At this workshop, ideas such as body image, self-worth, managing stress, making life decisions, and other topics related to college-aged women will be explored. According to Mennonite Women USA’s website, “Sister Care seminars provide women with tools for ongoing personal healing, recognizing and celebrating God’s grace in their lives, and responding more confidently and effectively to the needs of others in their families, congregations and communities.”

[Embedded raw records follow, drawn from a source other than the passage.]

(* As $P_1P_2P_3$ ranges over all 3-periodics of $\mathcal{E}$, the Mittenpunkt $X_9^\dagger$ of the focus-inversive triangle moves along the circle with center and radius \[C_9^\dagger=\left(-c\left(1+\frac{\rho^2}{2b^2}\right),\,0\right),\qquad R_9^\dagger=\rho^2\,\frac{2a^2-b^2-\delta}{2ab^2}.\] Moreover, the inversion of $C_9^\dagger$ in the circle of radius $\rho$ centered at $f_1$ is $\left(-\frac{a^2+b^2}{c},0\right)$.
   Context: Let $a>b>0$ and let $\mathcal{E}$ be the ellipse $x^2/a^2+y^2/b^2=1$ (the elliptic billiard). Set $c=\sqrt{a^2-b^2}$, $\delta=\sqrt{a^4-a^2b^2+b^4}$, and let the foci be $f_1=(-c,0)$, $f_2=(c,0)$. A 3-periodic is a triangle $P_1P_2P_3$ with vertices on $\mathcal{E}$ such that at each vertex the normal to $\mathcal{E}$ bisects the angle formed by the two sides meeting at that vertex; these form a one-parameter family (there is one through every point of $\mathcal{E}$). Fix $\rho>0$. The focus-inversive triangle of a 3-periodic $P_1P_2P_3$ is the triangle with vertices $P_i^\dagger=f_1+(\rho/d_{1,i})^2(P_i-f_1)$, where $d_{1,i}=|P_i-f_1|$, i.e. the inversions of the $P_i$ in the circle of radius $\rho$ centered at $f_1$. The Mittenpunkt $X_9$ of a triangle is the point of concurrence of the lines joining each excenter to the midpoint of the corresponding side (equivalently, the point with barycentric coordinates $a_s(s-a_s):b_s(s-b_s):c_s(s-c_s)$, where $a_s,b_s,c_s$ are the side lengths and $s$ the semiperimeter). *)

theory Defs
  imports "HOL-Analysis.Analysis"
begin

type_synonym pt = "real \<times> real"

definition on_ellipse :: "real \<Rightarrow> real \<Rightarrow> pt \<Rightarrow> bool" where
  "on_ellipse a b P \<longleftrightarrow> (fst P)^2 / a^2 + (snd P)^2 / b^2 = 1"

text \<open>Outward normal direction of the ellipse at P (gradient of x^2/a^2+y^2/b^2).\<close>
definition ell_normal :: "real \<Rightarrow> real \<Rightarrow> pt \<Rightarrow> pt" where
  "ell_normal a b P = (fst P / a^2, snd P / b^2)"

definition cross2 :: "pt \<Rightarrow> pt \<Rightarrow> real" where
  "cross2 u v = fst u * snd v - snd u * fst v"

text \<open>At vertex P with neighbours Q, R: the normal line at P bisects the angle QPR,
  i.e. the sum of the unit vectors from P towards Q and towards R is parallel to the normal.\<close>
definition normal_bisects :: "real \<Rightarrow> real \<Rightarrow> pt \<Rightarrow> pt \<Rightarrow> pt \<Rightarrow> bool" where
  "normal_bisects a b P Q R \<longleftrightarrow>
     cross2 ((1 / norm (Q - P)) *\<^sub>R (Q - P) + (1 / norm (R - P)) *\<^sub>R (R - P))
            (ell_normal a b P) = 0"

Keener, a co-director of Mennonite Women USA since 2000 and a mental health counselor, developed this workshop with Heggen, who has a PhD in psychotherapy and is the author of Sexual Abuse in Christian Homes and Churches (2006), for women in the US. Heggen and Keener have presented this workshop in 11 different countries since its start in 2008. Other women who have participated in previous workshops have encouraged Keener and Heggen to develop this program specifically for younger women.

Birky was “really excited about their ideas for adapting their materials to younger women.” Last year, Birky helped Keener and Heggen meet with six Goshen College women to discuss and learn more about issues that are important to them.

When asked why this event is important and why women should be interested, Birky said, “to build relationships with other women [and] to recognize you’re not alone with the challenges that you might face as women today. I would love to see women building their support systems and discussing ways to improve them.”

Birky attended a Sister Care workshop a few years ago, and was “most moved by the reminder of how much love God has for all of us and how we learned ways to show God’s love to each other.”

There will be a follow-up workshop in October 2015, with the hope of expanding the workshop to other college campuses and communities.

“Women will also really benefit from [Keener and Heggen’s] input about self-care and compassionate listening,” said Birky.